Output only the lines of the entries that follow, starting at the one with "(\<forall>i\<in>agents n. pstar" and running down to the one with "(\<alpha> 1) = sgn", both included and unchanged.

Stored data

....

lemma sgn_mult_sqrt_mean_square:
  assumes "\<And>i. i \<in> agents n \<Longrightarrow> a i = k * norm (q i - centroid n q)"
  shows "sgn k * sqrt (1 / real n * (\<Sum>i\<in>agents n. (a i)\<^sup>2)) = k * fscale n q"
proof -
  let ?X = "1 / real n * (\<Sum>i\<in>agents n. (norm (q i - centroid n q))\<^sup>2)"
  have "1 / real n * (\<Sum>i\<in>agents n. (a i)\<^sup>2) = k\<^sup>2 * ?X"
    using assms by (simp add: power_mult_distrib sum_distrib_left)
  then have "sqrt (1 / real n * (\<Sum>i\<in>agents n. (a i)\<^sup>2)) = \<bar>k\<bar> * fscale n q"
    unfolding fscale_def by (metis real_sqrt_abs real_sqrt_mult)
  then show ?thesis
    by (simp add: mult.assoc[symmetric] sgn_mult_abs)
qed

theorem proposition2:
  fixes n nl :: nat
    and E :: "(nat \<times> nat) set"
    and g :: "nat \<Rightarrow> nat \<Rightarrow> real^'d"
    and p pstar :: "real \<Rightarrow> nat \<Rightarrow> real^'d"
    and v :: "nat \<Rightarrow> real^'d"
    and \<alpha> :: "nat \<Rightarrow> real"
  assumes d2: "CARD('d) \<ge> 2"
    and n2: "n \<ge> 2"
    and nl_le: "nl \<le> n"
    and graph_V: "E \<subseteq> agents n \<times> agents n"
    and graph_sym: "\<forall>i j. (i,j) \<in> E \<longrightarrow> (j,i) \<in> E"
    and graph_irrefl: "\<forall>i. (i,i) \<notin> E"
    and g_unit: "\<forall>(i,j)\<in>E. norm (g i j) = 1"
    and leader_dyn: "\<forall>t\<ge>0. \<forall>i\<in>leaders nl.
                       ((\<lambda>\<tau>. p \<tau> i) has_vector_derivative v i) (at t within {0..})"
    and target: "\<forall>t\<ge>0. target_formation nl E g (p t) (pstar t)"
    and rigid: "\<forall>t\<ge>0. inf_bearing_rigid n E (pstar t)"
    and nl2: "nl \<ge> 2"
    and Lff_pd: "Lff_pos_def n nl E g"
    and not_centroid: "\<forall>t\<ge>0. \<forall>i\<in>agents n. pstar t i \<noteq> centroid n (pstar t)"
    and vel: "\<forall>t\<ge>0. \<forall>i\<in>leaders nl.
               v i = (\<alpha> i / norm (pstar t i - centroid n (pstar t))) *\<^sub>R
                     (pstar t i - centroid n (pstar t))"
    and common_k: "\<forall>t\<ge>0. \<forall>i\<in>leaders nl. \<forall>j\<in>leaders nl.
               \<alpha> i / norm (pstar t i - centroid n (pstar t)) =
               \<alpha> j / norm (pstar t j - centroid n (pstar t))"
  shows "\<forall>t\<ge>0.
           ((\<lambda>\<tau>. centroid n (pstar \<tau>)) has_vector_derivative 0) (at t within {0..}) \<and>
           (let k = \<alpha> 1 / norm (pstar t 1 - centroid n (pstar t));
                \<alpha>t = (\<lambda>i. if i \<in> leaders nl then \<alpha> i
                           else k * norm (pstar t i - centroid n (pstar t)))
            in ((\<lambda>\<tau>. fscale n (pstar \<tau>)) has_real_derivative
                  sgn (\<alpha> 1) * sqrt ((1 / real n) * (\<Sum>i\<in>agents n. (\<alpha>t i)\<^sup>2)))
                 (at t within {0..}))"
proof (intro allI impI, goal_cases)
  case (1 t)
  then have t: "t \<ge> 0" .
  define c where "c = centroid n (pstar t)"
  define k where "k = \<alpha> 1 / norm (pstar t 1 - c)"
  have leaders_agents: "leaders nl \<subseteq> agents n" and leader_1: "1 \<in> leaders nl"
    using nl_le nl2 by (auto simp: leaders_def agents_def)
  have k_eq: "\<alpha> i / norm (pstar t i - c) = k" if "i \<in> leaders nl" for i
    using common_k[rule_format, OF t that leader_1] by (simp add: c_def k_def)
  have ratio: "\<alpha> i = k * norm (pstar t i - c)" if "i \<in> leaders nl" for i
  proof -
    have "pstar t i \<noteq> c"
      using not_centroid t that leaders_agents by (auto simp: c_def)
    then show ?thesis using k_eq[OF that] by (simp add: field_simps)
  qed
  have vel_k: "v i = k *\<^sub>R (pstar t i - c)" if "i \<in> leaders nl" for i
    using vel[rule_format, OF t that] k_eq[OF that] by (simp add: c_def)
  have "\<forall>\<^sub>F \<tau> in nhds t. \<tau> \<in> {0..} \<longrightarrow>
          (\<forall>i\<in>agents n. pstar \<tau> i = dilate c (1 + k * (\<tau> - t)) (pstar t) i)"
    using leader_dyn vel_k t
    by (intro target_formation_eventually_dilate[OF graph_V graph_irrefl nl_le Lff_pd target]) auto
  then have "((\<lambda>\<tau>. centroid n (pstar \<tau>)) has_vector_derivative 0) (at t within {0..})"
    and "((\<lambda>\<tau>. fscale n (pstar \<tau>)) has_real_derivative k * fscale n (pstar t)) (at t within {0..})"
    using dilating_formation_has_derivative[of n t "{0..}" pstar k] n2 t unfolding c_def by auto
  moreover have "sgn (\<alpha> 1) = sgn k"
    using ratio[OF leader_1] not_centroid t leader_1 leaders_agents by (auto simp: c_def sgn_mult)
  moreover have "sgn k * sqrt (1 / real n * (\<Sum>i\<in>agents n.
      (if i \<in> leaders nl then \<alpha> i else k * norm (pstar t i - c))\<^sup>2)) = k * fscale n (pstar t)"
    using ratio by (intro sgn_mult_sqrt_mean_square) (simp add: c_def)
  ultimately show ?case
    unfolding Let_def c_def[symmetric] k_def[symmetric] by simp
qed

end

....

ANSWER TO THIS TASK:
          (\<forall>i\<in>agents n. pstar \<tau> i = dilate c (1 + k * (\<tau> - t)) (pstar t) i)"
    using leader_dyn vel_k t
    by (intro target_formation_eventually_dilate[OF graph_V graph_irrefl nl_le Lff_pd target]) auto
  then have "((\<lambda>\<tau>. centroid n (pstar \<tau>)) has_vector_derivative 0) (at t within {0..})"
    and "((\<lambda>\<tau>. fscale n (pstar \<tau>)) has_real_derivative k * fscale n (pstar t)) (at t within {0..})"
    using dilating_formation_has_derivative[of n t "{0..}" pstar k] n2 t unfolding c_def by auto
  moreover have "sgn (\<alpha> 1) = sgn k"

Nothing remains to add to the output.